A greatly misunderstood vegetable today was one of the most popular just two centuries ago. Parsnips (Pastinaca sativa) have a wonderfully sweet, nutty flavor that colder temperatures actually enhance. Their culinary versatility rivals potatoes and their overwintering ability surpasses carrots. If you have never eaten parsnips, you're missing out on a treasure.

Perhaps parsnips have fallen out of favor because many gardeners and cooks think they're persnickety to grow and mysterious to cook. Actually, this root vegetable can be grown anywhere, is relatively easy to grow and a natural for the winter vegetable garden. Always use fresh seed and keep the soil evenly moist until the seedlings have emerged. The best growing conditions include a well-drained and deeply dug soil free of stones, clods or pieces of organic matter that can hinder growth or cause the roots to fork.

The secret to parsnips' crisp, sweet and delicately nutty flavor? Timing. When you grow parsnips for the winter garden exposure to cold temperatures (32 degrees to 40 degrees, by frost or cold storage) for two weeks or more sweetens its roots, turning starch into sugar. Parsnips require a long growing season (110 to 130 days), so sow the seeds early enough for the roots to be ready to harvest in autumn, preferably after the first frost.

Whether harvesting your own parsnips or buying them fresh from the supermarket, you'll find the younger roots the sweetest and most tender. (Very large parsnips are usually tough and often bitter.) Select parsnips that are firm and free of blemishes, showing no signs of wilting, shriveling or root hairs.
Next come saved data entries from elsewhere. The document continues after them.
lemma nn_integral_weight_bounds:
  fixes w f :: "'a \<Rightarrow> real"
  assumes "0 < c" "c \<le> C"
    and w: "AE x in M. c \<le> w x \<and> w x \<le> C"
    and f: "\<And>x. 0 \<le> f x"
  shows "ennreal c * (\<integral>\<^sup>+x. ennreal (f x) \<partial>M) \<le> (\<integral>\<^sup>+x. ennreal (w x * f x) \<partial>M)"
    and "(\<integral>\<^sup>+x. ennreal (w x * f x) \<partial>M) \<le> ennreal C * (\<integral>\<^sup>+x. ennreal (f x) \<partial>M)"
proof -
  have "ennreal c * (\<integral>\<^sup>+x. ennreal (f x) \<partial>M) = (\<integral>\<^sup>+x. ennreal (c * f x) \<partial>M)"
    using assms by (simp add: nn_integral_cmult_pos ennreal_mult)
  also have "\<dots> \<le> (\<integral>\<^sup>+x. ennreal (w x * f x) \<partial>M)"
    using w by (intro nn_integral_mono_AE, elim eventually_mono) (auto intro!: ennreal_leI mult_right_mono f)
  finally show "ennreal c * (\<integral>\<^sup>+x. ennreal (f x) \<partial>M) \<le> (\<integral>\<^sup>+x. ennreal (w x * f x) \<partial>M)" .
  have "(\<integral>\<^sup>+x. ennreal (w x * f x) \<partial>M) \<le> (\<integral>\<^sup>+x. ennreal (C * f x) \<partial>M)"
    using w by (intro nn_integral_mono_AE, elim eventually_mono) (auto intro!: ennreal_leI mult_right_mono f)
  also have "\<dots> = ennreal C * (\<integral>\<^sup>+x. ennreal (f x) \<partial>M)"
    using assms by (simp add: nn_integral_cmult_pos ennreal_mult)
  finally show "(\<integral>\<^sup>+x. ennreal (w x * f x) \<partial>M) \<le> ennreal C * (\<integral>\<^sup>+x. ennreal (f x) \<partial>M)" .
qed

lemma AE_lebesgue_on_open_imp_ex:
  fixes \<Omega> :: "'a::euclidean_space set"
  assumes "open \<Omega>" "\<Omega> \<noteq> {}" "AE x in lebesgue_on \<Omega>. P x"
  shows "\<exists>x\<in>\<Omega>. P x"
proof (rule ccontr)
  have "\<Omega> \<in> sets lebesgue"
    using assms(1) by auto
  moreover have "emeasure lebesgue \<Omega> \<noteq> 0"
    using assms(1,2) \<open>\<Omega> \<in> sets lebesgue\<close> open_not_negligible negligible_iff_emeasure0 by blast
  ultimately have "emeasure (lebesgue_on \<Omega>) (space (lebesgue_on \<Omega>)) \<noteq> 0"
    by (simp add: emeasure_restrict_space)
  moreover assume "\<not> (\<exists>x\<in>\<Omega>. P x)"
  then have "AE x in lebesgue_on \<Omega>. False"
    using assms(3) by (auto elim: eventually_mono)
  ultimately show False
    using ae_filter_eq_bot_iff trivial_limit_def by metis
qed

lemma powr_le_iff_le_powr_inverse:
  fixes s r a :: real
  assumes "0 \<le> s" "0 \<le> r" "0 < a"
  shows "s powr a \<le> r \<longleftrightarrow> s \<le> r powr (1 / a)"
    and "s powr a < r \<longleftrightarrow> s < r powr (1 / a)"
proof -
  have r: "r = (r powr (1 / a)) powr a"
    using assms by (simp add: powr_powr)
  have mono: "x \<le> y \<longleftrightarrow> x powr a \<le> y powr a" if "0 \<le> x" "0 \<le> y" for x y :: real
    using that assms(3) by (metis not_le powr_less_mono2 powr_mono2 less_imp_le)
  show "s powr a \<le> r \<longleftrightarrow> s \<le> r powr (1 / a)"
    using mono[OF assms(1), of "r powr (1 / a)"] r by simp
  show "s powr a < r \<longleftrightarrow> s < r powr (1 / a)"
    using mono[of "r powr (1 / a)" s] assms(1) r by (simp add: not_le[symmetric])
qed
(* Assume $\sigma_1$ consists of simple eigenvalues and let $N\ge N_1$ be such that $\lambda_m^k\ne0$ for $|k|\ge N$. For $1\le m\le\ell_1$, $|k|\ge N$ let $\varphi_m^k=((I-e^{-\lambda_m^k}A_{-1})x_m^k,e^{\lambda_m^k\theta}x_m^k)$ and $\psi_m^k=\big(y_m^k,[\overline{\lambda_m^k}e^{-\overline{\lambda_m^k}\theta}-A_2^*(\theta)+e^{-\overline{\lambda_m^k}\theta}\int_0^\theta e^{\overline{\lambda_m^k}s}(A_3^*(s)+\overline{\lambda_m^k}A_2^*(s))ds]y_m^k\big)$, with $x_m^k\in\ker\Delta(\lambda_m^k)$, $y_m^k\in\ker\Delta^*(\overline{\lambda_m^k})$, $\|x_m^k\|=\|y_m^k\|=1$. Then there is a constant $C>0$ such that $\|\varphi_m^k\|_{M_2}\le C$ and $\frac{1}{|\lambda_m^k|}\|\psi_m^k\|_{M_2}\le C$ for all $1\le m\le\ell_1$, $|k|\ge N$.
   Context: Setting: $n\ge1$, $A_{-1}\in\mathbb C^{n\times n}$, $A_2,A_3\in L_2([-1,0];\mathbb C^{n\times n})$; $M_2=\mathbb C^n\times L_2(-1,0;\mathbb C^n)$ with the product inner product. $\Delta(\lambda)=-\lambda I+\lambda e^{-\lambda}A_{-1}+\lambda\int_{-1}^0e^{\lambda s}A_2(s)ds+\int_{-1}^0e^{\lambda s}A_3(s)ds$, $\Delta^*(\lambda)$ the same with conjugate transposes. Spectral notation: $\mu_1,\dots,\mu_\ell$ distinct eigenvalues of $A_{-1}$ (possibly $\det A_{-1}=0$), $\sigma_1=\sigma(A_{-1})\cap\{|\mu|=1\}=\{\mu_1,\dots,\mu_{\ell_1}\}$; "$\sigma_1$ consists of simple eigenvalues" means each $\mu_m$, $m\le\ell_1$, has algebraic multiplicity $1$. $\tilde\lambda_m^k=\mathrm i(\arg\mu_m+2\pi k)$. Known: there are $N_1$ and radii $r^{(k)}$ with $\sum_k(r^{(k)})^2<\infty$ such that for $m\le\ell_1$, $|k|\ge N_1$ the disc of radius $r^{(k)}$ about $\tilde\lambda_m^k$ contains exactly one root (with multiplicity) $\lambda_m^k$ of $\det\Delta$, a simple eigenvalue of the associated operator, with $|\lambda_m^k-\tilde\lambda_m^k|\to0$. *)

theory Defs
  imports "HOL-Analysis.Analysis" "HOL-Computational_Algebra.Polynomial"
begin

text \<open>Complex n x n matrices are rendered as complex^'n^'n (n = CARD('n) \<ge> 1).\<close>

definition smat :: "complex \<Rightarrow> complex^'n^'m \<Rightarrow> complex^'n^'m" where
  "smat c A = (\<chi> i j. c * A $ i $ j)"

definition adjm :: "complex^'n^'m \<Rightarrow> complex^'m^'n" where
  "adjm A = (\<chi> i j. cnj (A $ j $ i))"

definition charpoly :: "complex^'n^'n \<Rightarrow> complex poly" where
  "charpoly A = det (\<chi> i j. (if i = j then [:0, 1:] else 0) - [:A $ i $ j:])"

definition eigenvalues :: "complex^'n^'n \<Rightarrow> complex set" where
  "eigenvalues A = {\<mu>. \<exists>v. v \<noteq> 0 \<and> A *v v = \<mu> *s v}"

definition alg_mult :: "complex^'n^'n \<Rightarrow> complex \<Rightarrow> nat" where
  "alg_mult A \<mu> = order \<mu> (charpoly A)"

definition sigma1 :: "complex^'n^'n \<Rightarrow> complex set" where
  "sigma1 A = {\<mu> \<in> eigenvalues A. cmod \<mu> = 1}"

definition L2_on :: "(real \<Rightarrow> 'a::euclidean_space) \<Rightarrow> bool" where
  "L2_on f \<longleftrightarrow> set_borel_measurable lborel {-1..0} f \<and>
                 set_integrable lborel {-1..0} (\<lambda>\<theta>. norm (f \<theta>) ^ 2)"

text \<open>Norm in M_2 = C^n x L_2(-1,0;C^n).\<close>
definition M2_norm :: "complex^'n \<Rightarrow> (real \<Rightarrow> complex^'n) \<Rightarrow> real" where
  "M2_norm v f = sqrt (norm v ^ 2 + (LINT \<theta>:{-1..0}|lborel. norm (f \<theta>) ^ 2))"

definition Delta :: "complex^'n^'n \<Rightarrow> (real \<Rightarrow> complex^'n^'n) \<Rightarrow> (real \<Rightarrow> complex^'n^'n)
                      \<Rightarrow> complex \<Rightarrow> complex^'n^'n" where
  "Delta A1 A2 A3 l =
     smat (- l) (mat 1) + smat (l * exp (- l)) A1
     + smat l (LINT s:{-1..0}|lborel. smat (exp (l * of_real s)) (A2 s))
     + (LINT s:{-1..0}|lborel. smat (exp (l * of_real s)) (A3 s))"

definition Delta_star :: "complex^'n^'n \<Rightarrow> (real \<Rightarrow> complex^'n^'n) \<Rightarrow> (real \<Rightarrow> complex^'n^'n)
                      \<Rightarrow> complex \<Rightarrow> complex^'n^'n" where
  "Delta_star A1 A2 A3 l = Delta (adjm A1) (\<lambda>s. adjm (A2 s)) (\<lambda>s. adjm (A3 s)) l"

definition lam_tilde :: "complex \<Rightarrow> int \<Rightarrow> complex" where
  "lam_tilde \<mu> k = \<i> * of_real (Arg \<mu> + 2 * pi * of_int k)"

definition phi0 :: "complex^'n^'n \<Rightarrow> complex \<Rightarrow> complex^'n \<Rightarrow> complex^'n" where
  "phi0 A1 l x = (mat 1 - smat (exp (- l)) A1) *v x"

definition phi1 :: "complex \<Rightarrow> complex^'n \<Rightarrow> real \<Rightarrow> complex^'n" where
  "phi1 l x \<theta> = exp (l * of_real \<theta>) *s x"

definition psi1 :: "(real \<Rightarrow> complex^'n^'n) \<Rightarrow> (real \<Rightarrow> complex^'n^'n)
                    \<Rightarrow> complex \<Rightarrow> complex^'n \<Rightarrow> real \<Rightarrow> complex^'n" where
  "psi1 A2 A3 l y \<theta> =
     (smat (cnj l * exp (- cnj l * of_real \<theta>)) (mat 1) - adjm (A2 \<theta>)
      + smat (exp (- cnj l * of_real \<theta>))
          (interval_lebesgue_integral lborel (ereal 0) (ereal \<theta>)
             (\<lambda>s. smat (exp (cnj l * of_real s)) (adjm (A3 s) + smat (cnj l) (adjm (A2 s))))))
     *v y"
theorem corollary3:
  fixes x :: "nat \<Rightarrow> complex" and q :: nat and \<tau> :: real
  defines "xs \<equiv> map x [0..<Suc q]"
  shows "(\<Sum>j\<le>q. \<Sum>i\<le>j. x i * expdd (-\<tau>) (xs @ [x i, x j])) =
    (if q > 0 then
        complex_of_real (\<tau>^2) * x 0 / 2 * expdd (-\<tau>) xs
        + complex_of_real (\<tau>^2) / 2 * expdd (-\<tau>) (map x [1..<Suc q])
        - (\<Sum>i=1..q. of_nat i * expdd (-\<tau>) (xs @ [x i]))
     else complex_of_real (\<tau>^2) * x 0 / 2 * exp (- complex_of_real \<tau> * x 0))"
proof -
  define f where "f = (\<lambda>z. exp (complex_of_real (-\<tau>) * z))"
  have f_hol: "f holomorphic_on UNIV"
    unfolding f_def by (intro holomorphic_intros)
  have "expdd (-\<tau>) = divdiff f"
    by (simp add: fun_eq_iff expdd_def f_def)
  moreover have "divdiff f (map x [1..<Suc q]) = 0" "divdiff f xs = exp (- complex_of_real \<tau> * x 0)"
    if "q = 0"
    using that divdiff_Nil[OF f_hol] divdiff_singleton[OF f_hol] by (simp_all add: xs_def f_def)
  ultimately show ?thesis
    using divdiff_exp_weighted_pair_sum[of x "complex_of_real (-\<tau>)" q]
    by (auto simp: f_def xs_def field_simps)
qed

end
lemma h_y_on_axis:
  assumes "0 < y"
  shows "h_y a0 0 y = - 36 * y / sigma y + 2916 * y^5 / sigma y ^ 3
    + q a0 * (12 + 24 / sigma y - sigma y * (sigma y + 4) / (9 * y^4))"
proof -
  define S S' where "S = sigma y" and "S' = 162 * y^3 / S"
  have S: "0 < S" using sigma_pos by (simp add: S_def)
  have dS: "(sigma has_real_derivative S') (at y)"
    unfolding S'_def S_def by (rule has_real_derivative_sigma)
  have "((\<lambda>t. - 18 * t^2) has_real_derivative - 36 * y) (at y)"
    by (auto intro!: derivative_eq_intros)
  from DERIV_divide[OF this dS] S
  have d1: "((\<lambda>t. - 18 * t^2 / sigma t) has_real_derivative
      (- 36 * y * S - (- 18 * y^2) * S') / (S * S)) (at y)"
    by (simp add: S_def)
  have "((\<lambda>t. q a0 * sigma t * (sigma t + 4)) has_real_derivative q a0 * (S' * (S + 4) + S' * S)) (at y)"
    using DERIV_cmult[OF DERIV_mult[OF dS DERIV_add[OF dS DERIV_const]], of "q a0" 4]
    by (simp add: S_def mult.assoc)
  moreover have "((\<lambda>t. 27 * t^3) has_real_derivative 81 * y^2) (at y)"
    by (auto intro!: derivative_eq_intros)
  ultimately have d2: "((\<lambda>t. q a0 * sigma t * (sigma t + 4) / (27 * t^3)) has_real_derivative
      (q a0 * (S' * (S + 4) + S' * S) * (27 * y^3) - q a0 * S * (S + 4) * (81 * y^2))
        / ((27 * y^3) * (27 * y^3))) (at y)"
    using DERIV_divide assms by (fastforce simp: S_def)
  have "(- 36 * y * S - (- 18 * y^2) * S') / (S * S)
      + (q a0 * (S' * (S + 4) + S' * S) * (27 * y^3) - q a0 * S * (S + 4) * (81 * y^2))
        / ((27 * y^3) * (27 * y^3))
    = - 36 * y / S + 2916 * y^5 / S ^ 3 + q a0 * (12 + 24 / S - S * (S + 4) / (9 * y^4))"
    using S assms by (simp add: S'_def field_simps power2_eq_square power3_eq_cube eval_nat_numeral)
  with DERIV_add[OF d1 d2]
  have "((\<lambda>t. - 18 * t^2 / sigma t + q a0 * sigma t * (sigma t + 4) / (27 * t^3)) has_real_derivative
      - 36 * y / sigma y + 2916 * y^5 / sigma y ^ 3
      + q a0 * (12 + 24 / sigma y - sigma y * (sigma y + 4) / (9 * y^4))) (at y)"
    by (simp add: S_def)
  then have "((\<lambda>t. sh a0 0 t) has_real_derivative - 36 * y / sigma y + 2916 * y^5 / sigma y ^ 3
      + q a0 * (12 + 24 / sigma y - sigma y * (sigma y + 4) / (9 * y^4))) (at y)"
    by (rule has_field_derivative_transform_within_open[where S = "{0<..}"])
      (use assms sh_on_axis in auto)
  then show ?thesis unfolding h_y_def by (rule DERIV_imp_deriv)
qed

lemma equilibrium_identities:
  assumes "0 < a" "a < pi/2"
  defines "y \<equiv> sqrt (tan a) / 3"
  shows "81 * y^4 = (1 - (cos a)^2) / (cos a)^2"
    and "sigma y = 1 / cos a"
    and "q a = 6 * y * cos a * (1 - (cos a)^2) / (4 * cos a + 1)"
proof -
  have c: "0 < cos a" using assms by (simp add: cos_gt_zero)
  have "sqrt (tan a) ^ 4 = (sqrt (tan a) ^ 2) ^ 2"
    by (simp only: power_mult[symmetric]) simp
  also have "\<dots> = (tan a)^2" using assms tan_gt_zero[of a] by simp
  finally have "81 * y^4 = (tan a)^2" by (simp add: y_def power_divide)
  then show y4: "81 * y^4 = (1 - (cos a)^2) / (cos a)^2"
    by (simp add: tan_def power_divide sin_squared_eq)
  have "1 + (tan a)^2 = inverse (cos a) ^ 2" using c by (intro tan_sec) simp
  with \<open>81 * y^4 = (tan a)^2\<close> show "sigma y = 1 / cos a"
    using c by (simp add: sigma_def inverse_eq_divide)
  have "q a = 2 * (1 - (cos a)^2) * (3 * y) / (4 + 1 / cos a)"
    by (simp add: q_def y_def sin_squared_eq)
  also have "\<dots> = 6 * y * cos a * (1 - (cos a)^2) / (4 * cos a + 1)"
    using c by (simp add: field_simps)
  finally show "q a = 6 * y * cos a * (1 - (cos a)^2) / (4 * cos a + 1)" .
qed

lemma h_y_at_equilibrium:
  assumes "0 < a" "a < pi/2" "q a = q a0"
  defines "y \<equiv> sqrt (tan a) / 3"
  shows "h_y a0 0 y = - (18 * y * cos a / (4 * cos a + 1)) * crit_cubic (cos a)"
proof -
  \<comment> \<open>\<open>K\<close> is kept opaque so that \<open>simp\<close> cancels it instead of expanding denominators.\<close>
  define c K where "c = cos a" and "K = 1 - c^2"
  note E = equilibrium_identities[OF assms(1,2), folded y_def c_def, folded K_def]
  have c: "0 < c" "c < 1" using assms cos_gt_zero[of a] cos_monotone_0_pi[of 0 a]
    by (auto simp: c_def)
  then have "c * c < 1 * 1" by (intro mult_strict_mono) auto
  then have K: "K \<noteq> 0" by (simp add: K_def power2_eq_square)
  have y: "0 < y" using assms tan_gt_zero[of a] by (simp add: y_def)
  have q0: "q a0 = 6 * y * c * K / (4 * c + 1)" using E(3) assms(3) by simp
  have y5: "2916 * y^5 = 36 * y * (K / c^2)"
    unfolding E(1)[symmetric] by (simp add: eval_nat_numeral)
  have y4: "9 * y^4 = K / (9 * c^2)" using E(1) by (simp add: field_simps)
  have sig4: "sigma y * (sigma y + 4) / (9 * y^4) = 9 * (1 + 4 * c) / K"
    using c K unfolding E(2) y4 by (simp add: field_simps power2_eq_square)
  have "q a0 * (sigma y * (sigma y + 4) / (9 * y^4)) = 54 * y * c"
    unfolding sig4 q0 using c K by simp (simp add: field_simps)
  then have qS: "q a0 * (12 + 24 / sigma y - sigma y * (sigma y + 4) / (9 * y^4))
      = 6 * y * c * K * (12 + 24 * c) / (4 * c + 1) - 54 * y * c"
    unfolding right_diff_distrib by (simp add: q0 E(2) algebra_simps)
  have "h_y a0 0 y = - 36 * y * c + 36 * y * c * K
      + 6 * y * c * K * (12 + 24 * c) / (4 * c + 1) - 54 * y * c"
    unfolding h_y_on_axis[OF y] qS unfolding y5 E(2) using c
    by (simp add: field_simps power2_eq_square power3_eq_cube)
  also have "\<dots> = - (18 * y * c / (4 * c + 1)) * crit_cubic c"
    using c by (simp add: K_def crit_cubic_def field_simps power2_eq_square power3_eq_cube)
  finally show ?thesis by (simp add: c_def)
qed
(* If the formal deformations $(\{\cdot,\cdot\}^{[a,b,c]}_n)_{n\ge0}$ and $(\{\cdot,\cdot\}^{[a',b',c']}_n)_{n\ge0}$ of $\widetilde J$ are modular-isomorphic, then $c=c'$ and there exists $\xi\in\mathbb{C}^*$ such that $a'=\xi a$ and $b'=\xi^{-1}b$.
   Context: Let $\widetilde J=\mathbb{C}[E_4,E_6,A,B]$ be the polynomial algebra in four algebraically independent variables, bigraded by weight and index, where $E_4$ has weight $4$ and index $0$, $E_6$ has weight $6$ and index $0$, $A$ has weight $-2$ and index $1$, $B$ has weight $0$ and index $1$; $\widetilde J_{k,p}$ denotes the homogeneous component of weight $k$ and index $p$. For $(a,b)\in\mathbb{C}^2$, $S_{a,b}$ is the derivation of $\widetilde J$ with $S_{a,b}(E_4)=-\tfrac13E_6$, $S_{a,b}(E_6)=-\tfrac12E_4^2$, $S_{a,b}(A)=aB$, $S_{a,b}(B)=bE_4A$. For $c\in\mathbb{C}$ and $n\ge0$, $\{\cdot,\cdot\}^{[a,b,c]}_n$ is the bilinear map on $\widetilde J$ defined on homogeneous $f\in\widetilde J_{k,p}$, $g\in\widetilde J_{\ell,q}$ by $\{f,g\}^{[a,b,c]}_n=\sum_{r=0}^n(-1)^r\binom{k+cp+n-1}{n-r}\binom{\ell+cq+n-1}{r}S_{a,b}^r(f)\,S_{a,b}^{n-r}(g)$ (complex binomial coefficients). Two such formal deformations $(\{\cdot,\cdot\}^{[a,b,c]}_n)_n$ and $(\{\cdot,\cdot\}^{[a',b',c']}_n)_n$ are modular-isomorphic if there is a $\mathbb{C}$-linear bijection $\phi:\widetilde J\to\widetilde J$ mapping each $\widetilde J_{k,p}$ into $\widetilde J_{k,p}$ and such that $\phi(\{f,g\}^{[a,b,c]}_j)=\{\phi(f),\phi(g)\}^{[a',b',c']}_j$ for all $j\ge0$ and $f,g\in\widetilde J$. *)

theory Defs
  imports Complex_Main "HOL-Library.Poly_Mapping"
begin

text \<open>The polynomial algebra C[E4,E6,A,B]: finitely supported maps from
  monomials (exponent vectors over the four generators) to complex coefficients,
  with the convolution product of Poly_Mapping.\<close>

datatype gen = E4 | E6 | GA | GB

type_synonym monom = "gen \<Rightarrow>\<^sub>0 nat"
type_synonym J = "monom \<Rightarrow>\<^sub>0 complex"

definition var :: "gen \<Rightarrow> J" where
  "var v = Poly_Mapping.single (Poly_Mapping.single v 1) 1"

definition const :: "complex \<Rightarrow> J" where
  "const c = Poly_Mapping.single 0 c"

definition mweight :: "monom \<Rightarrow> int" where
  "mweight m = 4 * int (Poly_Mapping.lookup m E4) + 6 * int (Poly_Mapping.lookup m E6) - 2 * int (Poly_Mapping.lookup m GA)"

definition mindex :: "monom \<Rightarrow> int" where
  "mindex m = int (Poly_Mapping.lookup m GA) + int (Poly_Mapping.lookup m GB)"

definition Jcomp :: "int \<Rightarrow> int \<Rightarrow> J set" where
  "Jcomp k p = {f. \<forall>m \<in> Poly_Mapping.keys f. mweight m = k \<and> mindex m = p}"

definition hpart :: "int \<Rightarrow> int \<Rightarrow> J \<Rightarrow> J" where
  "hpart k p f = (\<Sum>m \<in> {m \<in> Poly_Mapping.keys f. mweight m = k \<and> mindex m = p}.
                    Poly_Mapping.single m (Poly_Mapping.lookup f m))"

definition bidegs :: "J \<Rightarrow> (int \<times> int) set" where
  "bidegs f = (\<lambda>m. (mweight m, mindex m)) ` Poly_Mapping.keys f"

definition Sgen :: "complex \<Rightarrow> complex \<Rightarrow> gen \<Rightarrow> J" where
  "Sgen a b v = (case v of
      E4 \<Rightarrow> const (-1/3) * var E6
    | E6 \<Rightarrow> const (-1/2) * var E4 * var E4
    | GA \<Rightarrow> const a * var GB
    | GB \<Rightarrow> const b * var E4 * var GA)"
Storing is easy. Homegrown roots can be left in cold gardens to overwinter under a 6- to 12-inch layer of mulch, then dug during winter thaws and in early spring. In areas where winters are mild or excessively rainy, dig roots in late fall and store in a cold room or root cellar (preferably at 32 degrees to 34 degrees and 98 percent to 100 percent humidity) as you would carrots. Of course, the vegetable bin in your refrigerator easily will keep roots handy and fresh for several weeks.

Parsnips are high in fiber and a rich source of folate, potassium and vitamin C. Fresh roots add variety to meals in winter and early spring and often can be used in place of carrots or potatoes. Use fresh parsnips in salads or with dip. Cook them in soup or stews, mash them like potatoes, or include them in a medley of roasted root vegetables. This sweet root is compatible with just about any cooking method, whether baked, steamed, simmered, sautéed, or sliced and fried like chips.